What do you recommend?

Tuesday, January 17, 2012

WATER - Emergency kit item #1

Focus on water first if you are a beginner to prepping. The first reason for this is because water is so important to our survival and sanity. Not only do our bodies need water but we need it for cooking and cleaning as well. The second reason is because the beginning stages of prepping can be overwhelming and costly. Water is free!
Side Note: For those that have wells, you are better off than us urbanites that are tied into the city lines. Just make sure you have a back-up plan when the power is off and you can no longer pump water from your well. A hand pump can be a great investment that will return your investment many times over.

Most survival sites recommend a minimum of 1 gallon of water per person per day. I agree with this number and believe that some days we will have extra to use the next day. The math portion for this is easy. Just multiply the number of people you are storing for times the number of days you would like stored.

ex: 3(people) x 10(days) = 30 gallons of water to store.

An easy and free way I found to store water is reusing all of my plastic 2 liter pop bottles and juice bottles. If the plastic is strong enough and you can screw the lid on tight than you can use it. Just please be sure to wash the bottles out prior to filling them. Washing won't remove all of the bacteria so I would recommend a couple(2-3) of drops of chlorine bleach in each bottle as well(1/8teaspoon/gallon).

Only use bleach that contains 5.25% hypochlorite and is scent-free.

So if I want to store 30 gallons of water for an emergency situation I would need how many bottles? Here comes more math! There is roughly 4 liters in 1 gallon so we need 2 bottles for each gallon or a total of 60 - 2 liter bottles. YOWZERS! I don't know about you, but I don't have the storage space for 60 bottles filled with water.

There is another option here: Most Americans have a water heater in their home.
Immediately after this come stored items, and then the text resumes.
lemma pattern_0011_f_trace:
  assumes "is_policy coin_domain g"
  shows "is_f_trace coin_domain g pattern_0011 (\<lambda>_. {})"
proof -
  have "g (map pattern_0011 [0..<Suc i]) = {}" for i
    by (rule is_policy_coin_domain_idle[OF assms]) (auto simp: pattern_0011_def)
  then show ?thesis
    unfolding is_f_trace_def by (simp add: pattern_0011_def coin_domain_def)
qed

lemma INFM_pattern_0011_transition:
  assumes "s \<in> {{}, {0}}" and "s' \<in> {{}, {0}}"
  shows "\<exists>\<^sub>\<infinity> i. pattern_0011 i = s \<and> pattern_0011 (Suc i) = s'"
proof -
  obtain r where r: "pattern_0011 r = s" "pattern_0011 (Suc r) = s'"
    using assms by (auto simp: pattern_0011_def intro: that[of 0] that[of 1] that[of 2] that[of 3])
  have periodic: "pattern_0011 (n + 4 * m) = pattern_0011 n" for n m
    by (simp add: pattern_0011_def)
  show ?thesis
    unfolding INFM_nat
  proof (intro allI)
    fix m
    show "\<exists>n>m. pattern_0011 n = s \<and> pattern_0011 (Suc n) = s'"
      using periodic[of r "Suc m"] periodic[of "Suc r" "Suc m"] r
      by (intro exI[of _ "r + 4 * Suc m"]) simp
  qed
qed

lemma sa_fair_pattern_0011: "sa_fair coin_domain pattern_0011 (\<lambda>_. {})"
  unfolding sa_fair_def trans_coin_domain using INFM_pattern_0011_transition by auto

lemma no_sa_fair_policy_breaks_0011:
  "\<not> (\<exists>g. is_policy coin_domain g \<and> A_sa_fair coin_domain g breaks_0011)"
  unfolding A_sa_fair_def
  using pattern_0011_f_trace sa_fair_pattern_0011 not_inf_sat_pattern_0011 by blast

lemma set_pmf_stoch_instance_coin_domain:
  assumes "stoch_instance coin_domain Pr" and "s \<in> {{}, {0}}"
  shows "set_pmf (Pr s {}) = {{}, {0}}"
proof -
  have "applicable coin_domain s {}"
    using assms(2) unfolding applicable_coin_domain by blast
  then have "set_pmf (Pr s {}) = {s'. (s, {}, s') \<in> trans coin_domain}"
    using assms unfolding stoch_instance_def states_coin_domain by blast
  also have "\<dots> = {{}, {0}}"
    using assms(2) unfolding trans_coin_domain by blast
  finally show ?thesis .
qed

lemma AE_leaves_pattern_0011:
  assumes "stoch_instance coin_domain Pr"
  shows "AE \<rho> in induced_chain Pr idle_policy. \<exists>n. \<rho> (pattern_0011_hist n) \<noteq> pattern_0011 (Suc n)"
  unfolding induced_chain_def idle_policy_def
proof (rule AE_PiM_measure_pmf_leaves_path[OF inj_pattern_0011_hist])
  have "range (\<lambda>n. (pattern_0011 n, pattern_0011 (Suc n))) \<subseteq> {{}, {0}} \<times> {{}, {0}}"
    using pattern_0011_in_states by blast
  then have "finite (range (\<lambda>n. (pattern_0011 n, pattern_0011 (Suc n))))"
    by (rule finite_subset) simp
  from finite_range_imageI[OF this, of "\<lambda>(s, s'). (Pr s {}, s')"]
  show "finite (range (\<lambda>n. (Pr (last (pattern_0011_hist n)) {}, pattern_0011 (Suc n))))"
    by simp
  show "pmf (Pr (last (pattern_0011_hist n)) {}) (pattern_0011 (Suc n)) < 1" for n
    by (rule pmf_less_one)
       (simp add: set_pmf_stoch_instance_coin_domain[OF assms pattern_0011_in_states])
qed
That tank of water that is sitting in your house will most likely be free of contaminants since it was filled prior to WTSHTF(just make sure you shut the intake water valve coming into your house). My small tank only holds 40 gallons, or about 13 days of water for my family. So I am done right? Depends on if you are satisfied with about 13 days of water storage. I know I'm not. What if this issue lasts longer?

A solution to this problem that takes up little room in your storage is a filter. Filters can turn creek and river water into acceptable drinking water and save the day. With a 13,000 gallon filtering capacity, the Katadyn water filter is my favorite. 13,000 gallons is almost 12 years of clean water for a family of 3. That is worth the cost. I also recommend water purification tablets because they are cheap and can be helpful to remove certain bacteria.

I can write on forever about the different water situations, but this general knowledge will help everyone reading this get started on building their supplies.

Monday, January 16, 2012


If you are here, than like me you are interested in preparing yourself and your family for some sort of interruption in our daily lives as we know it(TEOTWAWKI, WTSHTF, etc). Maybe nothing will ever happen. But if it does, I don't want to look back and realize how easy it would have been to prepare and give my family a better chance of survival. The book that motivated me to begin prepping was "The Patriots" by James W. Rawles.

Most families do not have the necessary stock of food and supplies to stay alive during an extended emergency. I am willing to bet 3 days of no power would really test a majority of the households in America. Sure, Uncle Sam will be there to hand out supplies. But who wants to stand amongst the mobs to receive rations of water and food? Not I. Maybe Uncle Sam's ability to help will be delayed if the disaster is far reaching. Then what?

I am using this blog to track how I am preparing my family and hopefully you can learn something too. Feel free to leave me comments if you have something to share. We all can learn from one another.